Friday, June 8, 2001

Teacher bonuses
in limbo

The HSTA and DOE disagree
over who should qualify

Pay ads erred

By Christine Donnelly

The Department of Education is trying to renege on an agreement to pay bonuses to teachers with master's degrees, and the dispute may be headed for court, the Hawaii State Teachers Association claims.

"The road to implementing the recently negotiated contract has been much rockier than ever anticipated," reads the June 4 Teacher Advocate newsletter published by the teachers union. "Unfortunately, the Department of Education is attempting to reinterpret what was negotiated, and we remain in dispute over a few issues."

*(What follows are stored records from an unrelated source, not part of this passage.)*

(* Let $D_{+2}$, $D_{+1}$, $D_0$, $D_{-1}$ be four unoriented link diagrams in the plane that are identical outside a small disk $B$, and inside $B$ each consists of two strands running from the bottom of $B$ to the top of $B$, as follows: in $D_0$ the two strands are parallel with no crossing; in $D_{+1}$ they cross once, forming the tangle $\sigma$ (the elementary braid generator on two strands, with a fixed choice of which strand passes over); in $D_{+2}$ they form the braid $\sigma^2$ (two successive crossings of the same type as in $D_{+1}$); in $D_{-1}$ they form $\sigma^{-1}$ (a single crossing of the opposite type). Then $$R_{D_{+2}}(\lambda) = (1-\lambda)\,R_{D_{+1}}(\lambda) + (\lambda-1)\,R_{D_0}(\lambda) + R_{D_{-1}}(\lambda).$$
   Context: For an oriented link $L$ in $\mathbb{R}^3$ let $V_L(t)$ be its Jones polynomial (a Laurent polynomial in $\sqrt t$, normalised so the unknot has $V=1$). The product $V_L(t)V_L(t^{-1})$ is a Laurent polynomial in $t$ invariant under $t\mapsto t^{-1}$, so it can be written as an ordinary polynomial $r_L(\lambda)$ in $\lambda=t+t^{-1}$, i.e. $r_L(t+t^{-1})=V_L(t)V_L(t^{-1})$. Define $R_L(\lambda)=(\lambda+2)\,r_L(\lambda)$ (so the unknot has $R=\lambda+2$ and the empty link has $R=1$). $R_L$ does not depend on the orientation of $L$, so it is defined for unoriented links, and for a link diagram $D$ we write $R_D$ for $R$ of the link it represents. *)

theory Defs
  imports Complex_Main
begin

text \<open>A crossing (i,j,k,l) lists the labels of the four edge-ends meeting at the
crossing in counterclockwise order, starting at an end of the under-strand; so
i,k lie on the under-strand and j,l on the over-strand.  (i,j,k,l) and (k,l,i,j)
describe the same crossing, (j,k,l,i) the crossing with over/under swapped.
A diagram is a list of crossings together with a list of plain arcs (pairs of
labels joined by a crossing-free piece of strand; a pair (x,x) is a free circle).\<close>

type_synonym pd_crossing = "nat \<times> nat \<times> nat \<times> nat"
type_synonym diagram = "pd_crossing list \<times> (nat \<times> nat) list"

fun xlabels :: "pd_crossing \<Rightarrow> nat list" where
  "xlabels (i, j, k, l) = [i, j, k, l]"

definition occs :: "diagram \<Rightarrow> nat list" where
  "occs D = concat (map xlabels (fst D)) @ concat (map (\<lambda>(x, y). [x, y]) (snd D))"

definition labels :: "diagram \<Rightarrow> nat set" where
  "labels D = set (occs D)"

definition well_formed :: "diagram \<Rightarrow> bool" where
  "well_formed D \<longleftrightarrow> (\<forall>x \<in> labels D. count_list (occs D) x = 2)"

definition n_components :: "'a set \<Rightarrow> ('a \<times> 'a) set \<Rightarrow> nat" where
  "n_components V E = card (V // (((E \<union> E\<inverse>) \<inter> (V \<times> V))\<^sup>*))"

subsection \<open>Planarity (genus 0 of the underlying rotation system)\<close>

definition slots :: "diagram \<Rightarrow> (nat \<times> nat) set" where
  "slots D = {(c, p). c < length (fst D) \<and> p < 4}"

definition slot_label :: "diagram \<Rightarrow> nat \<times> nat \<Rightarrow> nat" where
  "slot_label D q = xlabels (fst D ! fst q) ! snd q"

definition arc_eq :: "diagram \<Rightarrow> (nat \<times> nat) set" where
  "arc_eq D = (set (snd D) \<union> (set (snd D))\<inverse>)\<^sup>*"

text \<open>The crossing-end at the other end of the edge leaving slot q.\<close>
definition alpha :: "diagram \<Rightarrow> nat \<times> nat \<Rightarrow> nat \<times> nat" where
  "alpha D q = (THE q'. q' \<in> slots D \<and> q' \<noteq> q \<and> (slot_label D q, slot_label D q') \<in> arc_eq D)"

definition rot :: "nat \<times> nat \<Rightarrow> nat \<times> nat" where
  "rot q = (fst q, (snd q + 1) mod 4)"

definition phi :: "diagram \<Rightarrow> nat \<times> nat \<Rightarrow> nat \<times> nat" where
  "phi D q = rot (alpha D q)"

definition n_faces :: "diagram \<Rightarrow> nat" where
  "n_faces D = card (slots D // {(q, q'). q \<in> slots D \<and> (\<exists>m. (phi D ^^ m) q = q')})"

definition n_graph_components :: "diagram \<Rightarrow> nat" where
  "n_graph_components D = n_components {..<length (fst D)}
     {(c, c'). \<exists>p p'. (c, p) \<in> slots D \<and> alpha D (c, p) = (c', p')}"

text \<open>Euler's formula V - E + F = 2k, with V = #crossings, E = 2V.\<close>
definition planar :: "diagram \<Rightarrow> bool" where
  "planar D \<longleftrightarrow> n_faces D = length (fst D) + 2 * n_graph_components D"

definition is_diagram :: "diagram \<Rightarrow> bool" where
  "is_diagram D \<longleftrightarrow> well_formed D \<and> planar D"

fun smooth :: "bool \<Rightarrow> pd_crossing \<Rightarrow> (nat \<times> nat) list" where
  "smooth True (i, j, k, l) = [(i, l), (j, k)]"
| "smooth False (i, j, k, l) = [(i, j), (k, l)]"

definition state_loops :: "diagram \<Rightarrow> bool list \<Rightarrow> nat" where
  "state_loops D s = n_components (labels D)
     (set (snd D @ concat (map (\<lambda>(b, x). smooth b x) (zip s (fst D)))))"

definition loop_value :: "complex \<Rightarrow> complex" where
  "loop_value A = - (A ^ 2) - inverse A ^ 2"

text \<open>Unnormalised Kauffman bracket (empty diagram 1, unknot loop_value A).\<close>
definition bracket :: "diagram \<Rightarrow> complex \<Rightarrow> complex" where
  "bracket D A = (\<Sum>s \<in> {s. length s = length (fst D)}.
      A powi (int (count_list s True) - int (count_list s False)) * loop_value A ^ state_loops D s)"

text \<open>Jones polynomial of the diagram with writhe w (w = writhe of an orientation),
evaluated at t = A^(-4), i.e. sqrt t = A^(-2); normalised so the unknot has V = 1.\<close>
definition jones_V :: "diagram \<Rightarrow> int \<Rightarrow> complex \<Rightarrow> complex" where
  "jones_V D w A = (- (A ^ 3)) powi (- w) * bracket D A / loop_value A"

definition lam :: "complex \<Rightarrow> complex" where
  "lam A = A ^ 4 + inverse A ^ 4"   \<comment> \<open>lambda = t + t^(-1) for t = A^(-4)\<close>

text \<open>R_D evaluated at lambda = t + 1/t, t = A^(-4): (lambda+2) V(t) V(t^(-1)).
The writhe factors cancel in V(t)V(t^(-1)) (see lemma below), so R does not
depend on the orientation; we use w = 0.\<close>
definition R_diag :: "diagram \<Rightarrow> complex \<Rightarrow> complex" where
  "R_diag D A = (lam A + 2) * jones_V D 0 A * jones_V D 0 (inverse A)"

lemma R_diag_any_writhe:
  assumes "A \<noteq> 0"
  shows "R_diag D A = (lam A + 2) * jones_V D w A * jones_V D w (inverse A)"
proof -
  have "(- (A ^ 3)) powi (- w) * (- (inverse A ^ 3)) powi (- w) = 1"
    using assms by (simp add: power_int_mult_distrib[symmetric] power_mult_distrib[symmetric])
  then show ?thesis
    unfolding R_diag_def jones_V_def by (simp add: field_simps)
qed

end

theory Submission
  imports Defs
begin

(* By the Kauffman skein relation <X> = A <0> + A^-1 <inf>, applied to both crossings of
   the twist, its bracket is a combination of four smoothed diagrams.  Erasing the labels
   e, f of the two arcs between the crossings turns three of them into <0> or <inf> and the
   fourth into <inf> plus a free loop of value delta = -A^2 - A^-2, so the twist has bracket
   A^2 <0> + (2 + A^-2 delta) <inf> = A^2 <0> + (1 - A^-4) <inf>, while single crossings of
   either sign give A <0> + A^-1 <inf> and A <inf> + A^-1 <0>.  As lambda + 2 = delta^2,
   R_D(lambda) is just <D>(A) <D>(A^-1), and the relation becomes a polynomial identity in
   A, A^-1 and the brackets of the two smoothings at A and A^-1. *)

definition component_rel :: "'a set \<Rightarrow> ('a \<times> 'a) set \<Rightarrow> ('a \<times> 'a) set" where
  "component_rel V E = ((E \<union> E\<inverse>) \<inter> (V \<times> V))\<^sup>*"

lemma n_components_eq_card_quotient: "n_components V E = card (V // component_rel V E)"
  unfolding n_components_def component_rel_def ..

lemma equiv_component_rel: "equiv UNIV (component_rel V E)"
proof -
  have "sym ((E \<union> E\<inverse>) \<inter> (V \<times> V))" by (auto simp: sym_def)
  then show ?thesis unfolding component_rel_def equiv_def
    by (auto simp: refl_rtrancl trans_rtrancl intro!: sym_rtrancl)
qed

lemma component_rel_closed: "(x, y) \<in> component_rel V E \<Longrightarrow> x \<in> V \<Longrightarrow> y \<in> V"
  unfolding component_rel_def by (induction rule: rtrancl_induct) auto

lemma n_components_cong:
  assumes "V1 = V2" "E1 \<union> E1\<inverse> = E2 \<union> E2\<inverse>"
  shows "n_components V1 E1 = n_components V2 E2"
  unfolding n_components_def using assms by simp

text \<open>\<open>C \<mapsto> C \<inter> V\<close> is a bijection between the two quotients.\<close>

lemma card_quotient_retraction:
  assumes "V \<subseteq> V'" "h ` V' \<subseteq> V" "\<forall>x\<in>V. h x = x"
    and iff: "\<forall>x\<in>V'. \<forall>y\<in>V'. (x, y) \<in> r' \<longleftrightarrow> (h x, h y) \<in> r"
    and closed: "\<forall>x\<in>V. r `` {x} \<subseteq> V"
    and "refl r" and "equiv UNIV r'"
  shows "card (V' // r') = card (V // r)"
proof -
  have class_restrict: "r' `` {x} \<inter> V = r `` {h x}" if "x \<in> V'" for x
  proof
    show "r' `` {x} \<inter> V \<subseteq> r `` {h x}" using iff that assms(1,3) by fastforce
    show "r `` {h x} \<subseteq> r' `` {x} \<inter> V"
    proof
      fix y assume y: "y \<in> r `` {h x}"
      have "h x \<in> V" using that assms(2) by auto
      then have "y \<in> V" using closed y by auto
      then show "y \<in> r' `` {x} \<inter> V" using iff that assms(1,3) y by force
    qed
  qed
  have "inj_on (\<lambda>C. C \<inter> V) (V' // r')"
  proof (rule inj_onI)
    fix C D assume "C \<in> V' // r'" "D \<in> V' // r'" and CD: "C \<inter> V = D \<inter> V"
    then obtain x y where x: "x \<in> V'" "C = r' `` {x}" and y: "y \<in> V'" "D = r' `` {y}"
      by (auto simp: quotient_def)
    have "r `` {h x} = r `` {h y}" using class_restrict x y CD by auto
    moreover have "h y \<in> r `` {h y}" using \<open>refl r\<close> by (auto simp: refl_on_def)
    ultimately have "(x, y) \<in> r'" using iff x y by auto
    then show "C = D" using x y \<open>equiv UNIV r'\<close> by (simp add: equiv_class_eq)
  qed
  moreover have "(\<lambda>C. C \<inter> V) ` (V' // r') = V // r"
  proof
    show "(\<lambda>C. C \<inter> V) ` (V' // r') \<subseteq> V // r"
      using class_restrict assms(2) by (auto simp: quotient_def image_subset_iff)
    show "V // r \<subseteq> (\<lambda>C. C \<inter> V) ` (V' // r')"
    proof
      fix C assume "C \<in> V // r"
      then obtain z where z: "z \<in> V" "C = r `` {z}" by (auto simp: quotient_def)
      then have "C = r' `` {z} \<inter> V" using class_restrict[of z] assms(1,3) by auto
      moreover have "r' `` {z} \<in> V' // r'" using z assms(1) by (auto simp: quotient_def)
      ultimately show "C \<in> (\<lambda>C. C \<inter> V) ` (V' // r')" by auto
    qed
  qed
  ultimately show ?thesis by (intro bij_betw_same_card bij_betw_imageI)
qed

lemma component_rel_contract_vertex:
  assumes "v \<notin> V" "p \<in> V" "q \<in> V" and avoid: "\<forall>(x, y) \<in> G. x \<noteq> v \<and> y \<noteq> v"
    and h_def: "h = (\<lambda>x. if x = v then p else x)"
  shows "(x, y) \<in> component_rel (insert v V) (G \<union> {(p, v), (v, q)})
    \<longleftrightarrow> (h x, h y) \<in> component_rel V (G \<union> {(p, q)})"
proof -
  let ?V' = "insert v V" and ?E' = "G \<union> {(p, v), (v, q)}" and ?E = "G \<union> {(p, q)}"
  let ?r' = "component_rel ?V' ?E'" and ?r = "component_rel V ?E"
  have equiv': "equiv UNIV ?r'" by (rule equiv_component_rel)
  have via_v: "(p, q) \<in> ?r'" "(q, p) \<in> ?r'"
  proof -
    have "(p, v) \<in> ?r'" "(v, q) \<in> ?r'" "(q, v) \<in> ?r'" "(v, p) \<in> ?r'"
      using assms unfolding component_rel_def by (auto intro!: r_into_rtrancl)
    then show "(p, q) \<in> ?r'" "(q, p) \<in> ?r'" using equiv' by (meson equiv_def transD)+
  qed
  have "(?E \<union> ?E\<inverse>) \<inter> (V \<times> V) \<subseteq> ?r'"
  proof
    fix z assume z: "z \<in> (?E \<union> ?E\<inverse>) \<inter> (V \<times> V)"
    show "z \<in> ?r'"
    proof (cases "z = (p, q) \<or> z = (q, p)")
      case False
      then show ?thesis using z unfolding component_rel_def by (auto intro!: r_into_rtrancl)
    qed (use via_v in auto)
  qed
  then have "?r \<subseteq> ?r'\<^sup>*" unfolding component_rel_def[of V] by (rule rtrancl_mono)
  then have r_sub: "?r \<subseteq> ?r'" unfolding component_rel_def by simp
  have to_retract: "(x, h x) \<in> ?r'" "(h x, x) \<in> ?r'" for x
    using assms equiv' unfolding component_rel_def h_def
    by (auto intro!: r_into_rtrancl simp: converse_rtrancl_into_rtrancl)
  show ?thesis
  proof
    show "(h x, h y) \<in> ?r" if "(x, y) \<in> ?r'"
      using that unfolding component_rel_def[of ?V']
    proof (induction rule: rtrancl_induct)
      case (step y z)
      have "(h y, h z) \<in> (?E \<union> ?E\<inverse>) \<inter> (V \<times> V) \<or> h y = h z"
        using step(2) assms unfolding h_def by auto
      then have "(h y, h z) \<in> ?r" unfolding component_rel_def by auto
      with step(3) show ?case unfolding component_rel_def by (meson rtrancl_trans)
    qed (simp add: component_rel_def)
    show "(x, y) \<in> ?r'" if "(h x, h y) \<in> ?r"
      using that r_sub to_retract[of x] to_retract[of y] equiv' by (meson equiv_def subsetD transD)
  qed
qed

lemma n_components_contract_vertex:
  assumes "v \<notin> V" "p \<in> V" "q \<in> V" and "\<forall>(x, y) \<in> G. x \<noteq> v \<and> y \<noteq> v"
  shows "n_components (insert v V) (G \<union> {(p, v), (v, q)}) = n_components V (G \<union> {(p, q)})"
proof -
  define h where "h = (\<lambda>x. if x = v then p else x)"
  let ?r' = "component_rel (insert v V) (G \<union> {(p, v), (v, q)})"
  let ?r = "component_rel V (G \<union> {(p, q)})"
  have "card (insert v V // ?r') = card (V // ?r)"
  proof (rule card_quotient_retraction[where h = h])
    show "\<forall>x\<in>insert v V. \<forall>y\<in>insert v V. (x, y) \<in> ?r' \<longleftrightarrow> (h x, h y) \<in> ?r"
      using component_rel_contract_vertex[OF assms h_def] by blast
    show "\<forall>x\<in>V. ?r `` {x} \<subseteq> V" using component_rel_closed by fast
    show "refl ?r" using equiv_component_rel equiv_def by blast
  qed (use assms equiv_component_rel in \<open>auto simp: h_def\<close>)
  then show ?thesis unfolding n_components_eq_card_quotient .
qed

The newsletter said the DOE was "balking" at the cost of paying a 3 percent salary bonus to teachers who have master's degrees or professional diplomas, and sought to reduce the number of people eligible by limiting the degrees and educational institutions accepted. Plus, the DOE wants to pay the bonus once, rather than in both years of the contract, it said.

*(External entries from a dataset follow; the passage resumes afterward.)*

text \<open>The row group fixes x_{\<alpha>(1)} \<otimes> ... \<otimes> x_{\<alpha>(k)}, so \<pi>^\<alpha> of it is |P|/\<mu> times its column
  antisymmetrization.\<close>
lemma young_proj_ptensor:
  "young_proj k num (ptensor k (\<lambda>i. x (trow i)))
     = (\<lambda>j. (of_nat (card Prow) / of_rat mu0) * col_alt x x j)"
proof -
  let ?T = "ptensor k (\<lambda>i. x (trow i))"
  have row_fix: "perm_act \<sigma> ?T = ?T" if "\<sigma> \<in> Prow" for \<sigma>
    unfolding perm_act_ptensor[OF label_perms_permutes[OF that]]
    by (rule ptensor_cong) (simp add: label_permsD[OF that])
  have col: "perm_act \<tau> (\<lambda>j'. c * ?T j') j = c * ptensor k (\<lambda>i. x (trow (\<tau> i))) j"
    if "\<tau> \<in> Qcol" for \<tau> c j
    using perm_act_ptensor[OF label_perms_permutes[OF that], of "\<lambda>i. x (trow i)"]
    by (simp add: perm_act_def comp_def fun_eq_iff)
  have "young_sym k num ?T = (\<lambda>j. of_nat (card Prow) * col_alt x x j)"
    unfolding young_sym_def row_group_label_perms col_group_label_perms col_alt_diag
    by (simp add: row_fix col sum_distrib_left mult_ac)
  then show ?thesis by (simp add: young_proj_def young_mu_eq)
qed

lemma col_alt_scale:
  assumes c: "\<And>s. s \<in> {1..r} \<Longrightarrow> y s = c s *s x s"
  shows "col_alt y y = (\<lambda>j. (\<Prod>i\<in>{1..k}. c (trow i)) * col_alt x x j)"
proof -
  have "ptensor k (\<lambda>i. y (trow (\<tau> i))) j = (\<Prod>i\<in>{1..k}. c (trow i)) * ptensor k (\<lambda>i. x (trow (\<tau> i))) j"
    if t: "\<tau> \<in> Qcol" for \<tau> j
  proof -
    have "ptensor k (\<lambda>i. y (trow (\<tau> i))) j = (\<Prod>i\<in>{1..k}. c (trow (\<tau> i)) * x (trow (\<tau> i)) $ j i)"
      unfolding ptensor_def using c box_bounds(1)[OF label_perms_in[OF t]] by (intro prod.cong) auto
    also have "\<dots> = (\<Prod>i\<in>{1..k}. c (trow (\<tau> i))) * ptensor k (\<lambda>i. x (trow (\<tau> i))) j"
      by (simp add: prod.distrib ptensor_def)
    also have "(\<Prod>i\<in>{1..k}. c (trow (\<tau> i))) = (\<Prod>i\<in>{1..k}. c (trow i))"
      by (rule prod.reindex_bij_betw[OF permutes_imp_bij[OF label_perms_permutes[OF t]]])
    finally show ?thesis .
  qed
  then show ?thesis unfolding col_alt_diag by (simp add: sum_distrib_left mult_ac)
qed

DOE Personnel Director Sandra McFarlane refused to discuss the dispute, saying it remained a private collective-bargaining matter between the state and the union.

"I think it's premature yet for us to comment," she said yesterday. "We're in the process of discussing it with the chief negotiator."

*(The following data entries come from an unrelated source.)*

(* For a suffix code this factorization is unique: peel off the (unique) last code word. *)
lemma left_factorization_unique:
  assumes "suffix_code X"
    and "v @ x = v' @ x'" "x \<in> word_star X" "x' \<in> word_star X"
    and "\<not> (\<exists>s\<in>X. suffix s v)" "\<not> (\<exists>s\<in>X. suffix s v')"
  shows "v = v' \<and> x = x'"
  using assms(2-4)
proof (induction x arbitrary: x' rule: length_induct)
  case (1 x)
  have ends_in_X: "\<exists>s\<in>X. suffix s (u @ z)" if z: "z \<in> word_star X" "z \<noteq> []" for u z
  proof -
    obtain z' q where "z = z' @ q" "q \<in> X" by (rule word_star_snoc_cases[OF z])
    then show ?thesis by (intro bexI[of _ q] suffixI[of _ "u @ z'"]) simp_all
  qed
  show ?case
  proof (cases "x = [] \<or> x' = []")
    case True
    then have "x = [] \<and> x' = []"
    proof
      assume "x = []"
      then have "v = v' @ x'" using "1.prems"(1) by simp
      then show ?thesis using ends_in_X[of x' v'] \<open>x = []\<close> assms(5) "1.prems"(3) by auto
    next
      assume "x' = []"
      then have "v' = v @ x" using "1.prems"(1) by simp
      then show ?thesis using ends_in_X[of x v] \<open>x' = []\<close> assms(6) "1.prems"(2) by auto
    qed
    with "1.prems" show ?thesis by simp
  next
    case False
    then have "x \<noteq> []" "x' \<noteq> []" by simp_all
    obtain y q where yq: "x = y @ q" "y \<in> word_star X" "q \<in> X"
      by (rule word_star_snoc_cases[OF "1.prems"(2) \<open>x \<noteq> []\<close>])
    obtain y' q' where yq': "x' = y' @ q'" "y' \<in> word_star X" "q' \<in> X"
      by (rule word_star_snoc_cases[OF "1.prems"(3) \<open>x' \<noteq> []\<close>])
    have "(v @ y) @ q = (v' @ y') @ q'" using "1.prems"(1) yq yq' by simp
    then have "q = q'" using suffix_code_cancel[OF assms(1) yq(3) yq'(3)] by blast
    with yq yq' "1.prems"(1) have "v @ y = v' @ y'" by simp
    moreover have "length y < length x"
      using yq assms(1) unfolding suffix_code_def by (cases q) auto
    ultimately have "v = v' \<and> y = y'" using "1.IH" yq(2) yq'(2) by blast
    with yq yq' \<open>q = q'\<close> show ?thesis by simp
  qed
qed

In an interview, HSTA Executive Director Joan Husted said the DOE demanded the master's degrees be in education or teaching, not science or arts, even if such a degree related to the teacher's work.

For example, an art teacher who had a master's in fine arts would not get the bonus under the DOE's interpretation, she said.

In addition, the DOE wants to recognize "professional diplomas" only from the University of Hawaii at Manoa and not from other educational institutions, Husted said. (Professional diplomas are granted for an organized program of advanced classes in education and teaching.)

The DOE's current interpretation is contrary to language agreed to by both the HSTA and the state for ratification by teachers to end a strike that closed schools for three weeks this spring, Husted said.

The language ratified by teachers read, "Teachers who hold professional certificates based on a master's degree or a Professional Diploma shall receive a 3 percent differential calculated on their current salary each year."

The HSTA newsletter said the union would do everything possible, "including legal action," to resolve the matter. "We'll go to court if we have to," Husted said. "We bargained this fair and square, and the DOE needs to live up to its end of the deal."

The DOE's strategy seemed "primarily to save money," she said. By the HSTA's count, 57 percent of the union's 12,800 members, or roughly 7,300 people, deserve the bonus, at a total cost of about $20 million, said spokeswoman Danielle Lum.

By contrast, the DOE intends to spend $11.4 million on the bonuses, according to its latest budget figures, and must find the money within its existing budget.

DOE spokesman Greg Knudsen said it would come from surplus federal impact aid, which the federal government pays the state to help cover the cost of educating the children of military families and other federal employees.

Although state government approved $111.7 million in "new dollars" to fund the overall teacher raises, that figure did not include money to pay for the "professional track" bonuses, said Kim Murakawa, spokeswoman for Gov. Ben Cayetano.

It was agreed that money would come from within the DOE's existing budget, she said.